1. Getting Started

1.1. Installation

The package can be installed via pip as follows

pip install GasThermo

1.2. Single-Component Examples

1.2.1. Heat Capacity

Determine the temperature dependence of the ideal gas heat capacity, \(C_\text{p}^\text{IG}\) for water

>>> import matplotlib.pyplot as plt
>>> from gasthermo.cp import CpIdealGas
>>> I = CpIdealGas(compound_name='Air', T_min_fit=250., T_max_fit=800., poly_order=3)
>>> I.eval(300.), I.Cp_units
(29.00369, 'J/mol/K')
>>> I.eval(300.)/I.MW
1.001508
>>> # we can then plot and visualize the resutls
>>> fig, ax = I.plot()
>>> fig.savefig('docs/source/air.png')
>>> del I

And we will get something that looks like the following

_images/air.png

and we notice that the polynomial (orange dashed lines) fits the hyperbolic function well.

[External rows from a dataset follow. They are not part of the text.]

lemma sum_det_nat_replace_rows_eq_cols:
  "(\<Sum>i<N. det_nat N (\<lambda>a b. if a = i then B a b else A a b)) =
   (\<Sum>j<N. det_nat N (\<lambda>a b. if b = j then B a b else A a b))"
proof -
  have "(\<Sum>j<N. \<Prod>a<N. if p a = j then B a (p a) else A a (p a)) =
        (\<Sum>i<N. \<Prod>a<N. if a = i then B a (p a) else A a (p a))" if "p permutes {..<N}" for p
  proof -
    have bij: "bij_betw p {..<N} {..<N}" using that by (rule permutes_imp_bij)
    then have "p a = p i \<longleftrightarrow> a = i" if "i < N" "a < N" for i a
      using that unfolding bij_betw_def inj_on_def by auto
    then show ?thesis
      using sum.reindex_bij_betw[OF bij, of "\<lambda>j. \<Prod>a<N. if p a = j then B a (p a) else A a (p a)"]
      by (auto intro!: sum.cong prod.cong)
  qed
  then show ?thesis
    unfolding det_nat_def by (subst (1 2) sum.swap) (simp add: sum_distrib_left[symmetric])
qed

lemma det_nat_replace_col_lincomb:
  assumes "j < N"
  shows "det_nat N (\<lambda>a b. if b = j then (\<Sum>c<N. \<alpha> c * A a c) else A a b) = \<alpha> j * det_nat N A"
proof -
  define M where "M = mat N N (\<lambda>(i, j). A i j)"
  define x where "x = vec N \<alpha>"
  have M: "M \<in> carrier_mat N N" and x: "x \<in> carrier_vec N" by (auto simp: M_def x_def)
  have "mat N N (\<lambda>(a, b). if b = j then (\<Sum>c<N. \<alpha> c * A a c) else A a b) = replace_col M (M *\<^sub>v x) j"
    by (rule eq_matI)
      (auto simp: replace_col_def M_def x_def scalar_prod_def atLeast0LessThan mult.commute intro!: sum.cong)
  then show ?thesis
    using cramer_lemma_mat[OF M x assms] assms by (simp add: det_nat_eq_det M_def x_def)
qed

text \<open>Newton's interpolation formula factors \<open>(G c (u a))\<close> into the lower triangular matrix
  \<open>(\<Prod>m<c. u a - u m)\<close> and the matrix of divided differences.\<close>

lemma det_nat_newton:
  "det_nat N (\<lambda>a c. G c (u a)) =
     (\<Prod>a<N. \<Prod>m<a. u a - u m) * det_nat N (\<lambda>a c. divdiff (G c) u a (u a))"
proof -
  define L where "L = mat N N (\<lambda>(a, c). \<Prod>m<c. u a - u m)"
  define D where "D = mat N N (\<lambda>(c, c'). divdiff (G c') u c (u c))"
  have L: "L \<in> carrier_mat N N" and D: "D \<in> carrier_mat N N" by (auto simp: L_def D_def)
  have "mat N N (\<lambda>(a, c). G c (u a)) = L * D"
  proof (rule eq_matI)
    fix a c
    assume "a < dim_row (L * D)" "c < dim_col (L * D)"
    then have a: "a < N" and c: "c < N" by (auto simp: L_def D_def)
    have "(\<Prod>m<N. u a - u m) = 0" using a by (intro prod_zero) auto
    then have "G c (u a) = (\<Sum>i<N. (\<Prod>m<i. u a - u m) * divdiff (G c) u i (u i))"
      using newton_expansion[of "G c" "u a" u N] by (simp add: mult.commute)
    then show "mat N N (\<lambda>(a, c). G c (u a)) $$ (a, c) = (L * D) $$ (a, c)"
      using a c by (simp add: L_def D_def scalar_prod_def atLeast0LessThan)
  qed (auto simp: L_def D_def)
  moreover have "det L = (\<Prod>a<N. \<Prod>m<a. u a - u m)"
    using det_nat_lower_triangular[of N "\<lambda>a c. \<Prod>m<c. u a - u m"]
    by (auto simp: det_nat_eq_det L_def intro: prod_zero)
  ultimately have "det_nat N (\<lambda>a c. G c (u a)) = (\<Prod>a<N. \<Prod>m<a. u a - u m) * det D"
    by (simp add: det_nat_eq_det det_mult[OF L D])
  then show ?thesis by (simp add: det_nat_eq_det D_def)
qed

definition vdm_sign :: "nat \<Rightarrow> real" where
  "vdm_sign N = (\<Prod>a<N. (-1) ^ a)"

lemma vdm_sign_square: "vdm_sign N * vdm_sign N = 1"
  by (simp add: vdm_sign_def prod.distrib[symmetric] power_add[symmetric] mult_2[symmetric] power_mult)

lemma prod_diff_eq_vdm: "(\<Prod>a<N. \<Prod>m<a. u a - u m) = vdm_sign N * vdm N u"
proof -
  have "(\<Prod>m<a. u a - u m) = (-1) ^ a * (\<Prod>m<a. u m - u a)" for a
    using prod.distrib[of "\<lambda>_. -1::real" "\<lambda>m. u m - u a" "{..<a}"] by simp
  then show ?thesis by (simp add: prod.distrib vdm_sign_def vdm_def)
qed

lemma vdm_nonzero: "inj_on u {..<N} \<Longrightarrow> vdm N u \<noteq> 0"
  unfolding vdm_def inj_on_def by (auto simp: prod_zero_iff)

lemma tendsto_alternant_quotient:
  assumes "\<forall>u\<in>S. inj_on u {..<N}"
  shows "((\<lambda>u. det_nat N (\<lambda>a c. \<kappa> c * u a powr s c) / vdm N u) \<longlongrightarrow>
     vdm_sign N * det_nat N (\<lambda>a c. powr_deriv (\<kappa> c) (s c) a 1 / fact a)) (at (\<lambda>_. 1) within S)"
proof -
  have "vdm_sign N * det_nat N (\<lambda>a c. divdiff (powr_deriv (\<kappa> c) (s c) 0) u a (u a)) =
      det_nat N (\<lambda>a c. \<kappa> c * u a powr s c) / vdm N u" if "u \<in> S" for u
    using det_nat_newton[of N "\<lambda>c. powr_deriv (\<kappa> c) (s c) 0" u] vdm_sign_square[of N]
      vdm_nonzero[of u N] assms that
    by (simp add: prod_diff_eq_vdm powr_deriv_0 field_simps)
  then have "eventually (\<lambda>u. vdm_sign N * det_nat N (\<lambda>a c. divdiff (powr_deriv (\<kappa> c) (s c) 0) u a (u a)) =
      det_nat N (\<lambda>a c. \<kappa> c * u a powr s c) / vdm N u) (at (\<lambda>_. 1) within S)"
    by (auto simp: eventually_at_filter)
  moreover have "((\<lambda>u. vdm_sign N * det_nat N (\<lambda>a c. divdiff (powr_deriv (\<kappa> c) (s c) 0) u a (u a)))
      \<longlongrightarrow> vdm_sign N * det_nat N (\<lambda>a c. powr_deriv (\<kappa> c) (s c) a 1 / fact a)) (at (\<lambda>_. 1) within S)"
    using assms by (intro tendsto_mult tendsto_const tendsto_det_nat tendsto_divdiff_powr)
      (auto intro: inj_on_subset)
  ultimately show ?thesis by (rule Lim_transform_eventually[rotated])
qed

Automatically tries to raise errors if fit is not good enough:

>>> from gasthermo.cp import CpIdealGas
>>> I = CpIdealGas(compound_name='Methane')
Traceback (most recent call last):
    ...
Exception: Fit is too poor (not in (0.99,1)) too large!
Try using a smaller temperature range for fitting
and/or increasing the number of fitting points and polynomial degree.
See error path in error-*dir

This will lead to an error directory with a figure saved in it that looks like the following:

_images/error_cp.png

Usually, we wont need an accurate function over this entire temperature range. Lets imagine that we are interested instead in a temperature interval between 200 and 600 K. In this case

>>> I = CpIdealGas(compound_name='Methane', T_min_fit=200., T_max_fit=600.)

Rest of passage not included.